I got a little problem here, OK so you know when you change the dial and on the screen it tells you about what mode your in and what it does, well my T4i doesn't do that anymore? Anyone know why?


----------



## MLeeK (Nov 12, 2012)

Read the manual. You've turned the display off.


----------



## ronlane (Nov 12, 2012)

There are two buttons by the shutter release. One is for ISO and the other one should turn the screen back on.


----------



## nooobie (Nov 12, 2012)

MLeeK said:


> Read the manual. You've turned the display off.
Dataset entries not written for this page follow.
definition hecke_op :: "nat \<Rightarrow> nat \<Rightarrow> (complex \<Rightarrow> complex) \<Rightarrow> complex \<Rightarrow> complex" where
  "hecke_op \<kappa> n f z = of_nat n ^ (\<kappa> - 1) *
     (\<Sum>(a, d) \<in> {(a, d). a * d = n}. \<Sum>b<d.
        f ((of_nat a * z + of_nat b) / of_nat d) / of_nat d ^ \<kappa>)"

definition normalized_hecke_eigenform ::
  "nat \<Rightarrow> (complex \<Rightarrow> complex) \<Rightarrow> (nat \<Rightarrow> complex) \<Rightarrow> bool" where
  "normalized_hecke_eigenform \<kappa> f a \<longleftrightarrow>
     cusp_form \<kappa> f a \<and>
     (\<forall>n\<ge>1. \<exists>c. \<forall>z\<in>upper_half. hecke_op \<kappa> n f z = c * f z) \<and>
     a 1 = 1"

definition hecke_lambda :: "nat \<Rightarrow> (nat \<Rightarrow> complex) \<Rightarrow> nat \<Rightarrow> complex" where
  "hecke_lambda \<kappa> a n = a n / of_real (real n powr ((real \<kappa> - 1) / 2))"

definition dirichlet_char :: "nat \<Rightarrow> (nat \<Rightarrow> complex) \<Rightarrow> bool" where
  "dirichlet_char q chi \<longleftrightarrow> q \<ge> 1 \<and>
     (\<forall>n. chi (n + q) = chi n) \<and>
     (\<forall>m n. chi (m * n) = chi m * chi n) \<and>
     (\<forall>n. chi n \<noteq> 0 \<longleftrightarrow> coprime n q)"

definition primitive_char :: "nat \<Rightarrow> (nat \<Rightarrow> complex) \<Rightarrow> bool" where
  "primitive_char q chi \<longleftrightarrow> dirichlet_char q chi \<and>
     \<not> (\<exists>d. d dvd q \<and> d < q \<and> (\<forall>n. coprime n q \<longrightarrow> [n = 1] (mod d) \<longrightarrow> chi n = 1))"

definition twisted_L :: "(nat \<Rightarrow> complex) \<Rightarrow> (nat \<Rightarrow> complex) \<Rightarrow> complex \<Rightarrow> complex" where
  "twisted_L lam chi = (THE g. g holomorphic_on UNIV \<and>
     (\<forall>s. Re s > 1 \<longrightarrow> (\<lambda>n. lam n * chi n / of_nat n powr s) sums g s))"

text \<open>ell N q j = l_j for j >= 1 (ell N q 0 is unused).\<close>
fun ell :: "nat \<Rightarrow> nat \<Rightarrow> nat \<Rightarrow> nat" where
  "ell N q 0 = 0"
| "ell N q (Suc 0) = 2 * nat \<lceil>real N * ln (ln (real q))\<rceil>"
| "ell N q (Suc (Suc j)) = 2 * nat \<lceil>real N * ln (real (ell N q (Suc j)))\<rceil>"

definition Rnum :: "nat \<Rightarrow> nat \<Rightarrow> nat \<Rightarrow> nat" where
  "Rnum N M q = (GREATEST r. r \<ge> 1 \<and> ell N q r > 10 ^ M)"

definition Pset :: "nat \<Rightarrow> nat \<Rightarrow> nat \<Rightarrow> nat set" where
  "Pset N q j = (if j = 1
     then {p. prime p \<and> odd p \<and> real p \<le> real q powr (1 / real (ell N q 1) ^ 2)}
     else {p. prime p \<and> real q powr (1 / real (ell N q (j - 1)) ^ 2) < real p \<and>
                        real p \<le> real q powr (1 / real (ell N q j) ^ 2)})"

definition calP :: "(nat \<Rightarrow> complex) \<Rightarrow> nat \<Rightarrow> nat \<Rightarrow> nat \<Rightarrow> real \<Rightarrow> (nat \<Rightarrow> complex) \<Rightarrow> complex" where
  "calP lam N q j t chi =
     (\<Sum>p\<in>Pset N q j. lam p * chi p * of_nat p powr (- (1/2 + \<i> * of_real t)))"

definition c_const :: "real \<Rightarrow> real" where
  "c_const k = 64 * max 1 k"

definition r_const :: "real \<Rightarrow> nat" where
  "r_const k = (if k > 1 then 2 else nat \<lceil>1 + 1 / k\<rceil> + 1)"

definition calQ :: "(nat \<Rightarrow> complex) \<Rightarrow> nat \<Rightarrow> nat \<Rightarrow> nat \<Rightarrow> real \<Rightarrow> nat \<Rightarrow> real
                    \<Rightarrow> (nat \<Rightarrow> complex) \<Rightarrow> complex" where
  "calQ lam N M q k j t chi = (if j = Rnum N M q + 1 then 1 else
     (of_real (c_const k) * calP lam N q j t chi / of_nat (ell N q j)) ^ (r_const k * ell N q j))"

definition E_trunc :: "nat \<Rightarrow> complex \<Rightarrow> complex" where
  "E_trunc l x = (\<Sum>j=0..l. x ^ j / of_nat (fact j))"

definition calN :: "(nat \<Rightarrow> complex) \<Rightarrow> nat \<Rightarrow> nat \<Rightarrow> nat \<Rightarrow> real \<Rightarrow> (nat \<Rightarrow> complex)
                    \<Rightarrow> real \<Rightarrow> complex" where
  "calN lam N q j t chi \<alpha> = E_trunc (ell N q j) (of_real \<alpha> * calP lam N q j t chi)"

end

theory Submission
  imports Defs
begin

text \<open>Fix a character and let \<open>v\<close> be the last index before the first \<open>j\<close> with
  \<open>|P_j| > l_j / 64\<close> (or \<open>v = R\<close>). Then \<open>|Q_(v+1)| \<ge> 1\<close>, and for \<open>j \<le> v\<close> the tail of the
  exponential series is so small that \<open>|N_j(\<alpha>)| \<ge> exp (\<alpha> Re P_j) (1 - 2^-l_j)\<close> for
  \<open>|\<alpha>| \<le> 1\<close>. As \<open>l_j \<ge> 2 + R - j\<close>, the product of the factors \<open>1 - 2^-l_j\<close> is at least
  \<open>1/2\<close>, so the \<open>v\<close>-th terms of the two mollifier sums are at least \<open>exp (2 (k - 1) S) / 4\<close>
  and \<open>exp (2 k S) / 4\<close> with \<open>S = Re (P_1 + \<dots> + P_v)\<close>. The exponentials cancel in the
  geometric mean with weights \<open>k\<close> and \<open>1 - k\<close>, which is therefore at least \<open>1/4\<close>.
  Multiplying by \<open>|L|^(2k)\<close> and applying H\<ouml>lder's inequality with exponents \<open>1/k\<close> and
  \<open>1/(1 - k)\<close> gives the bound with constant 4. Nothing about the \<open>L\<close>-values or the Hecke
  eigenform is used.\<close>

lemma norm_exp_minus_E_trunc_le:
  fixes x :: complex
  shows "norm (exp x - E_trunc l x) \<le> exp (8 * norm x) / 8 ^ (l + 1)"
proof -
  define f where "f n = x ^ n /\<^sub>R fact n" for n
  define g where "g n = (8 * norm x) ^ n / fact n / 8 ^ (l + 1)" for n
  have E_trunc_eq: "E_trunc l x = (\<Sum>i<l + 1. f i)"
    unfolding E_trunc_def f_def
    by (rule sum.cong) (auto simp: scaleR_conv_of_real divide_inverse mult.commute)
  have tail_sums: "(\<lambda>i. f (i + (l + 1))) sums (exp x - E_trunc l x)"
    using exp_converges[of x] unfolding f_def[symmetric]
    by (subst sums_iff_shift) (simp add: E_trunc_eq)
  have g_sums: "g sums (exp (8 * norm x) / 8 ^ (l + 1))"
    unfolding g_def using exp_converges[of "8 * norm x"]
    by (intro sums_divide) (simp add: scaleR_conv_of_real divide_inverse mult.commute)
  have f_le_g: "norm (f n) \<le> g n" if "l + 1 \<le> n" for n
  proof -
    have "norm x ^ n * 8 ^ (l + 1) \<le> norm x ^ n * 8 ^ n"
      using that by (intro mult_left_mono power_increasing) auto
    then show ?thesis
      unfolding f_def g_def norm_scaleR norm_power
      by (simp add: field_simps)
  qed
  have "norm (exp x - E_trunc l x) \<le> (\<Sum>i. g (i + (l + 1)))"
    using norm_suminf_le[of "\<lambda>i. f (i + (l + 1))" "\<lambda>i. g (i + (l + 1))"] f_le_g
      tail_sums summable_iff_shift[of g "l + 1"] sums_summable[OF g_sums]
    by (simp add: sums_iff)
  also have "\<dots> \<le> (\<Sum>i. g i)"
  proof -
    have "0 \<le> (\<Sum>i<l + 1. g i)"
      unfolding g_def by (intro sum_nonneg) simp
    then show ?thesis
      using suminf_minus_initial_segment[OF sums_summable[OF g_sums], of "l + 1"] by simp
  qed
  also have "\<dots> = exp (8 * norm x) / 8 ^ (l + 1)"
    using g_sums by (simp add: sums_iff)
  finally show ?thesis .
qed

lemma norm_E_trunc_ge:
  fixes x :: complex
  assumes "norm x \<le> real l / 64"
  shows "exp (Re x) * (1 - (1/2) ^ l) \<le> norm (E_trunc l x)"
proof -
  have "exp (9 * norm x) \<le> exp (9/64) ^ l"
    using assms by (simp add: exp_of_nat_mult[symmetric] field_simps)
  also have "\<dots> \<le> 4 ^ l"
    using exp_bound[of "9/64"] by (intro power_mono) (auto simp: power2_eq_square)
  finally have exp9: "exp (9 * norm x) \<le> 4 ^ l" .
  have "exp (- norm x) \<le> exp (Re x)"
    using abs_Re_le_cmod[of x] by simp
  have "norm (exp x - E_trunc l x) \<le> exp (9 * norm x) * exp (- norm x) / 8 ^ (l + 1)"
    using norm_exp_minus_E_trunc_le[of x l] by (simp add: exp_add[symmetric])
  also have "\<dots> \<le> 4 ^ l * exp (Re x) / 8 ^ (l + 1)"
    using exp9 \<open>exp (- norm x) \<le> exp (Re x)\<close> by (intro divide_right_mono mult_mono) auto
  also have "\<dots> \<le> exp (Re x) * (1/2) ^ l"
  proof -
    have "(4::real) ^ l / 8 ^ (l + 1) \<le> (1/2) ^ l"
      using power_mult_distrib[of "2::real" 4 l] by (simp add: power_divide[symmetric] field_simps)
    then show ?thesis by (simp add: field_simps)
  qed
  finally show ?thesis
    using norm_triangle_ineq2[of "exp x" "exp x - E_trunc l x"]
    by (simp add: algebra_simps)
qed

lemma one_minus_sum_le_prod_one_minus:
  fixes d :: "'a \<Rightarrow> real"
  assumes "finite A" "\<And>j. j \<in> A \<Longrightarrow> 0 \<le> d j \<and> d j \<le> 1"
  shows "1 - (\<Sum>j\<in>A. d j) \<le> (\<Prod>j\<in>A. 1 - d j)"
  using assms
proof (induction A rule: finite_induct)
  case empty
  then show ?case by simp
next
  case (insert x F)
  have "1 - (d x + (\<Sum>j\<in>F. d j)) \<le> (1 - d x) * (1 - (\<Sum>j\<in>F. d j))"
    using insert.prems by (simp add: algebra_simps sum_nonneg)
  also have "\<dots> \<le> (1 - d x) * (\<Prod>j\<in>F. 1 - d j)"
    using insert by (intro mult_left_mono) auto
  finally show ?case
    using insert by simp
qed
the screen is on just it doesn't say what the mode does. e.g. Scene intelligen auto
                                                                                               AF, Brightness, Flash color
                                                                                             tone are set according to scene.


----------



## TCampbell (Nov 12, 2012)

If you press the "info" button on the camera it will cycle through the types of information displayed on the rear screen.  Perhaps you changed modes and didn't realize it.  Press the "Info" button a few times until the screen returns to the mode you are comfortable using (and keep in mind that one mode is for the screen to go completely dark so that it's not a distraction or using power when you're trying to conserve battery life.)


----------



## nooobie (Nov 12, 2012)

TCampbell said:


> If you press the "info" button on the camera it will cycle through the types of information displayed on the rear screen.  Perhaps you changed modes and didn't realize it.  Press the "Info" button a few times until the screen returns to the mode you are comfortable using (and keep in mind that one mode is for the screen to go completely dark so that it's not a distraction or using power when you're trying to conserve battery life.)



I tryed that the screen is on, i'm talking about as soon as you turn the dial it tells you some info about the mode your in.


----------



## Dennissphoto (Nov 16, 2012)

Worst Case Scenario you can go to settings and reset your camera settings. That could work


----------